----- Provided entries -----

(* Let $M\in\mathcal{I}_1$ be bounded, with $4\notin M$ and $\max M\ge5$. Then $\max M\ge7$.
   Context: For a summable sequence $\mathbf{x}=(x_n)$ of positive reals, $\mathcal{A}(\mathbf{x})=\{\sum_{n\in A}x_n: A\subseteq\mathbb{N}\}$ is its achievement set and its cardinal function $f$ assigns to $x\in\mathcal{A}(\mathbf{x})$ the cardinality (a positive integer, $\omega$, or $\mathfrak{c}$) of $\{(\varepsilon_n)\in\{0,1\}^{\mathbb{N}}:\sum\varepsilon_nx_n=x\}$. $\mathcal{I}_1$ is the family of ranges of cardinal functions of such sequences whose achievement set is a single closed interval. A set $M\subseteq\{1,2,\dots\}\cup\{\omega,\mathfrak{c}\}$ is bounded if there is $N\in\mathbb{N}$ with $M\subseteq\{1,\dots,N\}$. *)

theory Defs
  imports "HOL-Analysis.Analysis"
begin

datatype cval = Fin nat | Omega | Cont

text \<open>A 0-1 sequence (epsilon_n) is identified with the set A = {n. epsilon_n = 1}.
  reps x t is the set of 0-1 sequences with sum of epsilon_n x_n equal to t.\<close>
definition reps :: "(nat \<Rightarrow> real) \<Rightarrow> real \<Rightarrow> nat set set" where
  "reps x t = {A. (\<lambda>n. if n \<in> A then x n else 0) sums t}"

definition achievement_set :: "(nat \<Rightarrow> real) \<Rightarrow> real set" where
  "achievement_set x = {t. reps x t \<noteq> {}}"

text \<open>Cardinality of the representation set; uncountable sets of representations
  have cardinality continuum (they are closed subsets of the Cantor space).\<close>
definition cardfun :: "(nat \<Rightarrow> real) \<Rightarrow> real \<Rightarrow> cval" where
  "cardfun x t = (if finite (reps x t) then Fin (card (reps x t))
                  else if countable (reps x t) then Omega else Cont)"

definition I1 :: "cval set \<Rightarrow> bool" where
  "I1 M \<longleftrightarrow> (\<exists>x. (\<forall>n. x n > 0) \<and> summable x \<and>
      (\<exists>a b. achievement_set x = {a..b}) \<and> M = cardfun x ` achievement_set x)"

definition bounded_cset :: "cval set \<Rightarrow> bool" where
  "bounded_cset M \<longleftrightarrow> (\<exists>N. M \<subseteq> Fin ` {1..N})"

end

(*
  Reordering does not change the cardinal function, so x may be taken nonincreasing. As its
  achievement set is an interval, Kakeya's condition x n <= (sum of x k for k > n) holds, and the
  greedy algorithm represents every point of [0, tail p] by indices >= p. Each strict Kakeya
  inequality adds a representation on a whole interval, so when the number of representations is
  bounded, the tail is eventually geometric with ratio 1/2. A point s of [0, 2 x n0] then has two
  representations by indices >= n0 if it is a dyadic multiple of x n0 strictly inside the interval,
  and one otherwise. Hence the number of representations of t is a sum of such bumps, shifted by
  the sums of the subsets of {..<n0}.

  At a generic point this sum counts the active bumps; just right of a break point it counts them
  plus the active bumps in any one class modulo the dyadic multiples. At the leftmost break point
  zs where three bumps are active, avoiding the value 4 and all values above 6 forces exactly three
  active bumps, all in the class of a bump starting at zs, and exactly one bump active just left
  of zs. But then the value at zs itself is 4.
*)

theory Submission
  imports Defs
begin

section \<open>Subsums of a positive summable sequence\<close>

locale pos_summable =
  fixes y :: "nat \<Rightarrow> real"
  assumes pos: "\<And>n. 0 < y n" and summable: "summable y"
begin

definition subsum :: "nat set \<Rightarrow> real" where
  "subsum B = infsum y B"

definition tail :: "nat \<Rightarrow> real" where
  "tail n = subsum {n..}"

lemma summable_on: "y summable_on B"
  using summable_nonneg_imp_summable_on[OF summable] pos less_imp_le
  by (blast intro: summable_on_subset_banach)

lemma subsum_nonneg: "0 \<le> subsum B"
  unfolding subsum_def by (rule infsum_nonneg) (use pos less_imp_le in auto)

lemma subsum_mono: "B \<subseteq> C \<Longrightarrow> subsum B \<le> subsum C"
  unfolding subsum_def
  by (rule infsum_mono_neutral) (use summable_on pos in \<open>auto intro: less_imp_le\<close>)

lemma subsum_Un_disjoint: "B \<inter> C = {} \<Longrightarrow> subsum (B \<union> C) = subsum B + subsum C"
  unfolding subsum_def by (rule infsum_Un_disjoint) (use summable_on in auto)

lemma subsum_finite: "finite B \<Longrightarrow> subsum B = sum y B"
  unfolding subsum_def by simp

lemma subsum_empty [simp]: "subsum {} = 0"
  by (simp add: subsum_finite)

lemma subsum_insert: "n \<notin> B \<Longrightarrow> subsum (insert n B) = y n + subsum B"
  using subsum_Un_disjoint[of "{n}" B] by (simp add: subsum_finite)

lemma subsum_pos: "B \<noteq> {} \<Longrightarrow> 0 < subsum B"
proof -
  assume "B \<noteq> {}"
  then obtain n where "n \<in> B" by blast
  then have "subsum B = y n + subsum (B - {n})"
    using subsum_insert[of n "B - {n}"] by (simp add: insert_absorb)
  then show ?thesis
    using pos[of n] subsum_nonneg[of "B - {n}"] by linarith
qed

lemma subsum_subset_eq_imp_eq: "B \<subseteq> C \<Longrightarrow> subsum B = subsum C \<Longrightarrow> B = C"
  using subsum_Un_disjoint[of B "C - B"] subsum_pos[of "C - B"]
  by (auto simp: Un_absorb1)

lemma sums_iff_subsum: "(\<lambda>n. if n \<in> B then y n else 0) sums t \<longleftrightarrow> subsum B = t"
proof -
  have "(\<lambda>n. if n \<in> B then y n else 0) sums t \<longleftrightarrow>
        ((\<lambda>n. if n \<in> B then y n else 0) has_sum t) UNIV"
  proof
    show "((\<lambda>n. if n \<in> B then y n else 0) has_sum t) UNIV"
      if "(\<lambda>n. if n \<in> B then y n else 0) sums t"
      using that by (rule sums_nonneg_imp_has_sum) (use pos less_imp_le in auto)
  qed (rule has_sum_imp_sums)
  also have "\<dots> \<longleftrightarrow> (y has_sum t) B"
    by (rule has_sum_cong_neutral) auto
  also have "\<dots> \<longleftrightarrow> subsum B = t"
    unfolding subsum_def using summable_on has_sum_infsum infsumI by blast
  finally show ?thesis .
qed

lemma reps_eq: "reps y t = {B. subsum B = t}"
  unfolding reps_def using sums_iff_subsum by auto

lemma achievement_set_eq: "achievement_set y = range subsum"
  unfolding achievement_set_def reps_eq by auto

lemma achievement_set_interval:
  assumes "achievement_set y = {a..b}"
  shows "achievement_set y = {0..subsum UNIV}"
proof -
  have range: "subsum ` UNIV = {a..b}"
    using assms achievement_set_eq by simp
  have "0 \<in> {a..b}" "subsum UNIV \<in> {a..b}"
    unfolding range[symmetric] by (metis rangeI subsum_empty)+
  moreover have "a \<in> range subsum" "b \<in> range subsum"
    using \<open>0 \<in> {a..b}\<close> unfolding range by auto
  then have "0 \<le> a" "b \<le> subsum UNIV"
    using subsum_nonneg subsum_mono[of _ UNIV] by auto
  ultimately show ?thesis
    using assms by (metis antisym atLeastAtMost_iff)
qed

lemma tail_Suc: "tail n = y n + tail (Suc n)"
proof -
  have "{n..} = insert n {Suc n..}" by auto
  then show ?thesis
    unfolding tail_def using subsum_insert[of n "{Suc n..}"] by simp
qed

lemma tail_pos: "0 < tail n"
  unfolding tail_def by (rule subsum_pos) auto

lemma tail_antimono: "m \<le> n \<Longrightarrow> tail n \<le> tail m"
  unfolding tail_def by (rule subsum_mono) auto

lemma tail_eq_suminf: "tail n = (\<Sum>k. y (k + n))"
proof -
  have "((\<lambda>k. y (k + n)) has_sum (\<Sum>k. y (k + n))) UNIV"
    using summable_ignore_initial_segment[OF summable] pos less_imp_le
    by (intro sums_nonneg_imp_has_sum) (auto simp: summable_sums)
  then have "(y has_sum (\<Sum>k. y (k + n))) {n..}"
    by (rule has_sum_reindex_bij_betw[THEN iffD1, rotated])
      (auto intro!: bij_betw_byWitness[where f'="\<lambda>m. m - n"])
  then show ?thesis
    unfolding tail_def subsum_def by (rule infsumI)
qed

lemma tail_small: "0 < e \<Longrightarrow> \<exists>P\<ge>p. tail P < e"
proof -
  assume "0 < e"
  then obtain N where "\<forall>n\<ge>N. norm (\<Sum>k. y (k + n)) < e"
    using suminf_exist_split[OF _ summable] by blast
  then show ?thesis
    unfolding tail_eq_suminf by (intro exI[of _ "max p N"]) (auto dest: spec[of _ "max p N"])
qed

lemma partial_subsum_LIMSEQ: "(\<lambda>n. sum y (B \<inter> {..<n})) \<longlonglongrightarrow> subsum B"
proof -
  have "(\<lambda>n. if n \<in> B then y n else 0) sums subsum B"
    using sums_iff_subsum by blast
  moreover have "(\<Sum>k<n. if k \<in> B then y k else 0) = sum y (B \<inter> {..<n})" for n
    by (simp add: sum.If_cases Int_commute)
  ultimately show ?thesis
    by (simp add: sums_def)
qed

definition tail_reps :: "nat \<Rightarrow> real \<Rightarrow> nat set set" where
  "tail_reps p s = {B. B \<subseteq> {p..} \<and> subsum B = s}"

lemma tail_reps_subset_reps: "tail_reps p s \<subseteq> reps y s"
  unfolding tail_reps_def reps_eq by auto

lemma tail_reps_zero: "tail_reps p 0 = {{}}"
proof -
  have "B = {}" if "subsum B = 0" for B
    using subsum_pos[of B] that by auto
  then show ?thesis
    unfolding tail_reps_def by auto
qed

lemma tail_reps_tail: "tail_reps p (tail p) = {{p..}}"
proof -
  have "B = {p..}" if "B \<subseteq> {p..}" "subsum B = subsum {p..}" for B
    using subsum_subset_eq_imp_eq that by blast
  then show ?thesis
    unfolding tail_reps_def tail_def by auto
qed

lemma reps_decompose:
  "reps y t = (\<Union>F\<in>Pow {..<n}. (\<union>) F ` tail_reps n (t - subsum F))"
proof (intro equalityI subsetI)
  fix A assume "A \<in> reps y t"
  define F B where "F = A \<inter> {..<n}" and "B = A \<inter> {n..}"
  have "A = F \<union> B" "F \<inter> B = {}"
    unfolding F_def B_def by auto
  then have "subsum B = t - subsum F"
    using \<open>A \<in> reps y t\<close> subsum_Un_disjoint by (simp add: reps_eq)
  then have "B \<in> tail_reps n (t - subsum F)"
    unfolding tail_reps_def B_def by simp
  moreover have "F \<in> Pow {..<n}"
    unfolding F_def by simp
  ultimately show "A \<in> (\<Union>F\<in>Pow {..<n}. (\<union>) F ` tail_reps n (t - subsum F))"
    using \<open>A = F \<union> B\<close> by blast
next
  fix A assume "A \<in> (\<Union>F\<in>Pow {..<n}. (\<union>) F ` tail_reps n (t - subsum F))"
  then obtain F B where "F \<subseteq> {..<n}" "B \<subseteq> {n..}" "subsum B = t - subsum F" "A = F \<union> B"
    unfolding tail_reps_def by blast
  moreover from this have "F \<inter> B = {}"
    by (auto simp: subset_eq) (meson not_le)
  ultimately show "A \<in> reps y t"
    by (simp add: reps_eq subsum_Un_disjoint)
qed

-----

Between the first line of the entries above and the line with "text \<open>A 0-1", both included, copy every line exactly and nothing outside that range.

(* Let $M\in\mathcal{I}_1$ be bounded, with $4\notin M$ and $\max M\ge5$. Then $\max M\ge7$.
   Context: For a summable sequence $\mathbf{x}=(x_n)$ of positive reals, $\mathcal{A}(\mathbf{x})=\{\sum_{n\in A}x_n: A\subseteq\mathbb{N}\}$ is its achievement set and its cardinal function $f$ assigns to $x\in\mathcal{A}(\mathbf{x})$ the cardinality (a positive integer, $\omega$, or $\mathfrak{c}$) of $\{(\varepsilon_n)\in\{0,1\}^{\mathbb{N}}:\sum\varepsilon_nx_n=x\}$. $\mathcal{I}_1$ is the family of ranges of cardinal functions of such sequences whose achievement set is a single closed interval. A set $M\subseteq\{1,2,\dots\}\cup\{\omega,\mathfrak{c}\}$ is bounded if there is $N\in\mathbb{N}$ with $M\subseteq\{1,\dots,N\}$. *)

theory Defs
  imports "HOL-Analysis.Analysis"
begin

datatype cval = Fin nat | Omega | Cont

text \<open>A 0-1 sequence (epsilon_n) is identified with the set A = {n. epsilon_n = 1}.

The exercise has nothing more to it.